Saint-Rambert-en-Bugey (Ain)
From our special correspondent
Here is Nathalie, who has already put some vegetables in her shopping bag and comes under the awning of the second vehicle. “How are you, Natalie? What do you want for protein? Chopped steaks? Do you need eggs? We have cans of tuna and mackerel if you want”, asks Pascal, who, thanks to a small plastic abacus, designed with a 3D printer by Claude, scrolls the points. In the Restos system, Nathalie, who lives with her two daughters aged 22 and 24, one of whom is disabled, is entitled to 18 points.
“It will last the week”, believes this 47-year-old woman. She lost her job at the Ligne Roset furniture factory, where she worked for eighteen years and since then “I’m struggling to make ends meet” explains the one who, despite several training courses, has been at the RSA for five years. But there is no way to get food aid at the Restos d’Ambérieu center, 11 km away, because Nathalie, who is currently passing the code, does not have a car.
“Our volunteers have found it difficult to reach certain rural audiences who are in some way in the black spots when it comes to social services, explains Patrice Douret, the president of Restos du Coeur. So some decided to meet them with vans. » If the first itinerant Restos center was created in 1998 in Sarthe, the movement has developed especially since 2017, when that of Ain was born – initially to overcome a difficulty in finding premises.
Now, the Restos have 37 and identify 38 new implementation projects. “With the rise in the price of food and gasoline, the needs are growing”resumes Patrice Douret, who specifies that, like the fixed centers, the itinerant sites “are also designed as entry points to direct those received who wish to do so towards other services”, such as assistance with administrative procedures or referral to employment assistance (read the marks).

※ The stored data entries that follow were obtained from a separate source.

lemma enl_in_P_rect_edges_open:
  fixes i j :: node
  defines "a \<equiv> (min (fst i) (fst j), min (snd i) (snd j))"
    and "b \<equiv> (max (fst i) (fst j), max (snd i) (snd j))"
  assumes "i \<in> VH"
  shows "enl_in_P i j VH EH (\<lambda>e. e \<in> rect_edges a b)"
proof -
  let ?R = "rect_edges a b"
  have open_R: "open_edges (\<lambda>e. e \<in> ?R) = ?R"
    by (rule open_edges_of_set) (simp add: rect_edges_def)
  have corners: "a \<in> rect a b" "i \<in> rect a b" "j \<in> rect a b"
    by (auto simp: rect_def a_def b_def)
  have from_a: "(a, v) \<in> ?R\<^sup>*" if "v \<in> rect a b" for v
    using rect_edges_path[OF corners(1) that] that by (simp add: rect_def)
  have "rect a b \<subseteq> cluster_nodes (\<lambda>e. e \<in> ?R) i"
  proof
    fix v assume "v \<in> rect a b"
    have "(i, a) \<in> (?R\<inverse>)\<^sup>*" using from_a[OF corners(2)] by (simp add: rtrancl_converse)
    moreover have "(a, v) \<in> ?R\<^sup>*" using from_a[OF \<open>v \<in> rect a b\<close>] .
    ultimately have "(i, v) \<in> (?R \<union> ?R\<inverse>)\<^sup>*"
      using rtrancl_mono[of "?R\<inverse>" "?R \<union> ?R\<inverse>"] rtrancl_mono[of ?R "?R \<union> ?R\<inverse>"]
      by (blast intro: rtrancl_trans)
    then show "v \<in> cluster_nodes (\<lambda>e. e \<in> ?R) i" unfolding cluster_nodes_def open_R by simp
  qed
  moreover have "fst e \<in> rect a b \<and> snd e \<in> rect a b" if "e \<in> ?R" for e
    using that by (auto simp: rect_edges_def)
  ultimately have "?R \<subseteq> cluster_edges (\<lambda>e. e \<in> ?R) i"
    unfolding cluster_edges_def open_R by blast
  with assms(3) have "?R \<subseteq> enl_edges VH EH (\<lambda>e. e \<in> ?R)"
    unfolding enl_edges_def by blast
  then have "a \<in> ancestors (enl_edges VH EH (\<lambda>e. e \<in> ?R)) i"
    and "a \<in> ancestors (enl_edges VH EH (\<lambda>e. e \<in> ?R)) j"
    using from_a corners rtrancl_mono unfolding ancestors_def by blast+
  then show ?thesis unfolding enl_in_P_def by blast
qed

In 2020 and 2021, 220 people, including 107 families, were supplied by the “Bugey Itinérant” restaurant service in five rural municipalities. “We are in deep Bugey here, there are a lot of people who need help but they could not necessarily come to our fixed centers because they are not transported or they have trouble paying for petrol”, confirms Bruno Langlois, one of the 23 volunteers invested in this mission.
It’s not Marilou who will contradict him. Met in Tenay, a village nestled against a cliff and second stop of the day for “Bugey Itinérant”, this 25-year-old pregnant woman, who has just been diagnosed with a herniated disc, announces: “The car has just let us go”. It is not the good moment. If Marilou has been unemployed for two years, her spouse has just started a new job. And the couple, who are several months behind in rent and are in trouble with their landlord, cannot afford to lose it. “If I didn’t have the Restaurants, well, I don’t know… Maybe I wouldn’t eat”, she predicts.